As we sit down together at this meal, with the Lord Jesus at the head of the table, we are partaking of a very simple meal—bread and wine. Because of this we may mistakenly forget one of the most important features of food and drink, which is the wonderful blessing of aroma. Smell is essential to what we call eating and drinking. You know what it is like to eat when you have a terrible cold—nothing tastes.
So what is the aroma here? That is simply another way of asking how this meal should taste. Just as St. Paul teaches us that we are the one loaf, and that we are the one body, so in another place he teaches that we are the aroma, we are the taste. The King James says that we are “a sweet savour of Christ” (2 Cor. 2:15). Other translations render this as aroma—showing the connection between aroma and savor. We cannot savor food without smelling it.
This is the savor of “his knowledge by us” (v. 14). The Lord Jesus was bruised for our iniquities. As the Puritan Thomas Watson observed, it is when spices are bruised that they give off their aroma. As we follow in our imitation of Christ, when we surrender for others, sacrifice for others, lay down our lives for others, it is in this way that we manifest the aroma of life unto life. For those who are perishing, it is a stench, but this is only because they have no stomach for the bread of life, and have no taste for the wine that washes away every bitter taste that sin leaves in the mouth.

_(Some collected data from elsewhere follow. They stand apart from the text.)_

text \<open>\<open>f = (1 \<rhd> -)\<close> is idempotent for convolution and has the convolution left inverse
  \<open>S \<circ> f\<close>, so it equals the convolution unit \<open>z \<mapsto> \<epsilon>(z) 1\<close>:
  \<open>f = (S \<circ> f) * f * f = (S \<circ> f) * f = \<epsilon> 1\<close>.\<close>

lemma unit_rhd: "rhd u z = vsmul (\<epsilon> z) u"
proof -
  obtain S where S: "linear_map S" "\<And>x. sw2 (\<Delta> x) (\<lambda>a b. mult (S a) b) = vsmul (\<epsilon> x) u"
    by (fact left_antipode)
  let ?f = "rhd u"
  have f: "linear_map ?f" by (rule linear_map_rhd_right)
  have trilinear: "trilinear (\<lambda>c d b. mult (S (?f c)) (mult (?f d) (?f b)))"
    by unfold_locales
      (rule linear_map_compose[OF linear_map_mult_left linear_map_compose[OF S(1) f]]
        linear_map_compose[OF linear_map_mult_right linear_map_compose[OF linear_map_mult_left f]]
        linear_map_compose[OF linear_map_mult_right linear_map_compose[OF linear_map_mult_right f]])+
  have "?f z = ?f (sw2 (\<Delta> z) (\<lambda>a b. vsmul (\<epsilon> a) b))"
    by (simp only: counit)
  also have "\<dots> = sw2 (\<Delta> z) (\<lambda>a b. vsmul (\<epsilon> a) (?f b))"
    by (simp only: linear_map_comp_sw2[OF f] linear_map_vsmul[OF f])
  also have "\<dots> = sw2 (\<Delta> z) (\<lambda>a b. mult (sw2 (\<Delta> a) (\<lambda>c d. mult (S (?f c)) (?f d))) (?f b))"
    by (simp only: antipode_unit_rhd[OF S] linear_map_vsmul[OF linear_map_mult_left] mult_unit)
  also have "\<dots> = sw2 (\<Delta> z) (\<lambda>a b. sw2 (\<Delta> a) (\<lambda>c d. mult (S (?f c)) (mult (?f d) (?f b))))"
    by (rule sw2_cong) (simp add: linear_map_comp_sw2[OF linear_map_mult_left] mult_assoc)
  also have "\<dots> = sw2 (\<Delta> z) (\<lambda>a b. sw2 (\<Delta> b) (\<lambda>c d. mult (S (?f a)) (mult (?f c) (?f d))))"
    by (rule sw2_coassoc[OF coassoc trilinear])
  also have "\<dots> = sw2 (\<Delta> z) (\<lambda>a b. mult (S (?f a)) (?f b))"
    by (rule sw2_cong, subst (2) unit_rhd_convolution_idempotent)
       (simp add: linear_map_comp_sw2[OF linear_map_mult_right])
  also have "\<dots> = vsmul (\<epsilon> z) u"
    by (rule antipode_unit_rhd[OF S])
  finally show ?thesis .
qed

end

definition cons_tensor :: "('b \<Rightarrow>\<^sub>0 'k::field) \<Rightarrow> ('b list \<Rightarrow>\<^sub>0 'k) \<Rightarrow> ('b list \<Rightarrow>\<^sub>0 'k)" where
  "cons_tensor a R = lin_ext (\<lambda>i. lin_ext (\<lambda>w. basisv (i # w)) R) a"

definition cons2_tensor :: "('b \<times> 'b \<Rightarrow>\<^sub>0 'k::field) \<Rightarrow> ('b list \<Rightarrow>\<^sub>0 'k) \<Rightarrow> ('b list \<Rightarrow>\<^sub>0 'k)" where
  "cons2_tensor D R = lin_ext (\<lambda>p. lin_ext (\<lambda>w. basisv (fst p # snd p # w)) R) D"

lemma linear_map_cons_tensor_left: "linear_map (\<lambda>a. cons_tensor a R)"
  unfolding cons_tensor_def by (rule linear_map_lin_ext)

lemma linear_map_cons_tensor_right: "linear_map (\<lambda>R. cons_tensor a R)"
  unfolding cons_tensor_def by (rule linear_map_lin_ext_fun) (rule linear_map_lin_ext)

lemma linear_map_cons2_tensor_left: "linear_map (\<lambda>D. cons2_tensor D R)"
  unfolding cons2_tensor_def by (rule linear_map_lin_ext)

lemma linear_map_cons2_tensor_right: "linear_map (\<lambda>R. cons2_tensor D R)"
  unfolding cons2_tensor_def by (rule linear_map_lin_ext_fun) (rule linear_map_lin_ext)

lemma cons_tensor_basisv [simp]: "cons_tensor (basisv i) (basisv w) = basisv (i # w)"
  by (simp add: cons_tensor_def)

lemma cons2_tensor_basisv [simp]: "cons2_tensor (basisv p) (basisv w) = basisv (fst p # snd p # w)"
  by (simp add: cons2_tensor_def)

lemma cons2_tensor_tens: "cons2_tensor (tens a b) R = cons_tensor a (cons_tensor b R)"
proof (rule bilinear_eqI[where G = "\<lambda>a b. cons2_tensor (tens a b) R"])
  show "cons2_tensor (tens (basisv i) (basisv j)) R = cons_tensor (basisv i) (cons_tensor (basisv j) R)"
    for i j
    by (rule linear_map_eqI[OF linear_map_cons2_tensor_right
          linear_map_compose[OF linear_map_cons_tensor_right linear_map_cons_tensor_right]]) simp
qed (rule linear_map_compose[OF linear_map_cons2_tensor_left linear_map_tens_left]
       linear_map_compose[OF linear_map_cons2_tensor_left linear_map_tens_right]
       linear_map_cons_tensor_left
       linear_map_compose[OF linear_map_cons_tensor_right linear_map_cons_tensor_left])+

text \<open>\<open>letterwise r\<close> is \<open>r\<^sup>\<otimes>\<^sup>m\<close> on pairs of basis words of length \<open>m\<close>; pairs of words of
  different lengths are sent to \<open>0\<close> and never occur below.\<close>

fun letterwise :: "(('b \<Rightarrow>\<^sub>0 'k::field) \<Rightarrow> ('b \<Rightarrow>\<^sub>0 'k) \<Rightarrow> ('b \<Rightarrow>\<^sub>0 'k)) \<Rightarrow>
    'b list \<Rightarrow> 'b list \<Rightarrow> ('b list \<Rightarrow>\<^sub>0 'k)" where
  "letterwise r (i # w) (j # v) = cons_tensor (r (basisv i) (basisv j)) (letterwise r w v)"
| "letterwise r [] [] = basisv []"
| "letterwise r _ _ = 0"

definition tensor_power_map :: "(('b \<Rightarrow>\<^sub>0 'k::field) \<Rightarrow> ('b \<Rightarrow>\<^sub>0 'k) \<Rightarrow> ('b \<Rightarrow>\<^sub>0 'k)) \<Rightarrow>
    ('b list \<Rightarrow>\<^sub>0 'k) \<Rightarrow> ('b list \<Rightarrow>\<^sub>0 'k) \<Rightarrow> ('b list \<Rightarrow>\<^sub>0 'k)" where
  "tensor_power_map r T Y = lin_ext (\<lambda>w. lin_ext (\<lambda>v. letterwise r w v) Y) T"

lemma linear_map_tensor_power_map_left: "linear_map (\<lambda>T. tensor_power_map r T Y)"
  unfolding tensor_power_map_def by (rule linear_map_lin_ext)

lemma linear_map_tensor_power_map_right: "linear_map (\<lambda>Y. tensor_power_map r T Y)"
  unfolding tensor_power_map_def by (rule linear_map_lin_ext_fun) (rule linear_map_lin_ext)

lemma tensor_power_map_basisv [simp]: "tensor_power_map r (basisv w) (basisv v) = letterwise r w v"
  by (simp add: tensor_power_map_def)

lemma tensor_power_map_cons_tensor:
  assumes "bilinear_map r"
  shows "tensor_power_map r (cons_tensor a T) (cons_tensor b Y) = cons_tensor (r a b) (tensor_power_map r T Y)"
proof -
  have r: "linear_map (\<lambda>a. r a b)" "linear_map (\<lambda>b. r a b)" for a b
    using assms by (simp_all add: bilinear_map_def)
  have basis: "tensor_power_map r (cons_tensor (basisv i) T) (cons_tensor (basisv j) Y) =
      cons_tensor (r (basisv i) (basisv j)) (tensor_power_map r T Y)" for i j
    by (rule bilinear_eqI[where G = "\<lambda>T Y. tensor_power_map r (cons_tensor (basisv i) T) (cons_tensor (basisv j) Y)"],
        (rule linear_map_compose[OF linear_map_tensor_power_map_left linear_map_cons_tensor_right]
          linear_map_compose[OF linear_map_tensor_power_map_right linear_map_cons_tensor_right]
          linear_map_compose[OF linear_map_cons_tensor_right linear_map_tensor_power_map_left]
          linear_map_compose[OF linear_map_cons_tensor_right linear_map_tensor_power_map_right])+)
       simp
  show ?thesis
    by (rule bilinear_eqI[where G = "\<lambda>a b. tensor_power_map r (cons_tensor a T) (cons_tensor b Y)"],
        (rule linear_map_compose[OF linear_map_tensor_power_map_left linear_map_cons_tensor_left]
          linear_map_compose[OF linear_map_tensor_power_map_right linear_map_cons_tensor_left]
          linear_map_compose[OF linear_map_cons_tensor_left r(1)]
          linear_map_compose[OF linear_map_cons_tensor_left r(2)])+)
       (rule basis)
qed
(* Let $\delta_j,\delta_k$ be coprime integers with $1<\delta_j<\delta_k$, let $r=\delta_k\bmod\delta_j$ and let $f\colon \mathcal B(\delta_j,r)\to\mathcal B(\delta_k,\delta_j)$, $f(x',y')=(y',\,x'-y'\lfloor \delta_k/\delta_j\rfloor)$. Then the irreducible elements of $\mathcal B(\delta_k,\delta_j)\cap f(\mathcal B(\delta_j,r))$ are exactly the images $f(\mathbf x')$ of the irreducible elements $\mathbf x'$ of $\mathcal B(\delta_j,r)$.
   Context: For coprime positive integers $p,q$ and $i\in\{1,\ldots,\max\{p,q\}\}$, the $\lambda$-B\'ezout couple $\boldsymbol\lambda_i$ of $i$ for $(p,q)$ is the unique $(x,y)\in\mathbb Z^2$ with $xp+yq=i$ and $0<y\le p$, and the $\mu$-B\'ezout couple $\boldsymbol\mu_i$ of $i$ for $(p,q)$ is the unique $(x,y)\in\mathbb Z^2$ with $xp+yq=i$ and $0<x\le q$. $\mathcal B(p,q)$ denotes the set of all $\lambda$- and $\mu$-B\'ezout couples for $(p,q)$. $\boldsymbol\lambda_i$ is irreducible if there are no $j,k\in\{1,\ldots,\max\{p,q\}\}$ with $\boldsymbol\lambda_i=\boldsymbol\lambda_j+\boldsymbol\lambda_k$; likewise $\boldsymbol\mu_i$ is irreducible if there are no such $j,k$ with $\boldsymbol\mu_i=\boldsymbol\mu_j+\boldsymbol\mu_k$. *)

theory Defs
  imports Main
begin

definition lam_couple :: "int \<Rightarrow> int \<Rightarrow> int \<Rightarrow> int \<times> int" where
  "lam_couple p q i = (THE c. fst c * p + snd c * q = i \<and> 0 < snd c \<and> snd c \<le> p)"

definition mu_couple :: "int \<Rightarrow> int \<Rightarrow> int \<Rightarrow> int \<times> int" where
  "mu_couple p q i = (THE c. fst c * p + snd c * q = i \<and> 0 < fst c \<and> fst c \<le> q)"

definition bezout_set :: "int \<Rightarrow> int \<Rightarrow> (int \<times> int) set" where
  "bezout_set p q = lam_couple p q ` {1..max p q} \<union> mu_couple p q ` {1..max p q}"

definition lam_irreducible :: "int \<Rightarrow> int \<Rightarrow> int \<Rightarrow> bool" where
  "lam_irreducible p q i \<longleftrightarrow>
     \<not> (\<exists>j\<in>{1..max p q}. \<exists>k\<in>{1..max p q}.
          fst (lam_couple p q i) = fst (lam_couple p q j) + fst (lam_couple p q k) \<and>
          snd (lam_couple p q i) = snd (lam_couple p q j) + snd (lam_couple p q k))"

This meal is supposed to have an aroma. When we gather together in love like this, that aroma should strike us in the face when we enter the room. You know what it is like to walk into a home where the cook has been doing wonderful things all day. This service should far surpass that—love smells and tastes like nothing else. All the delightful smells that you have ever encountered together with food are just faint types and shadows. They point to this; in some small way they smell like this.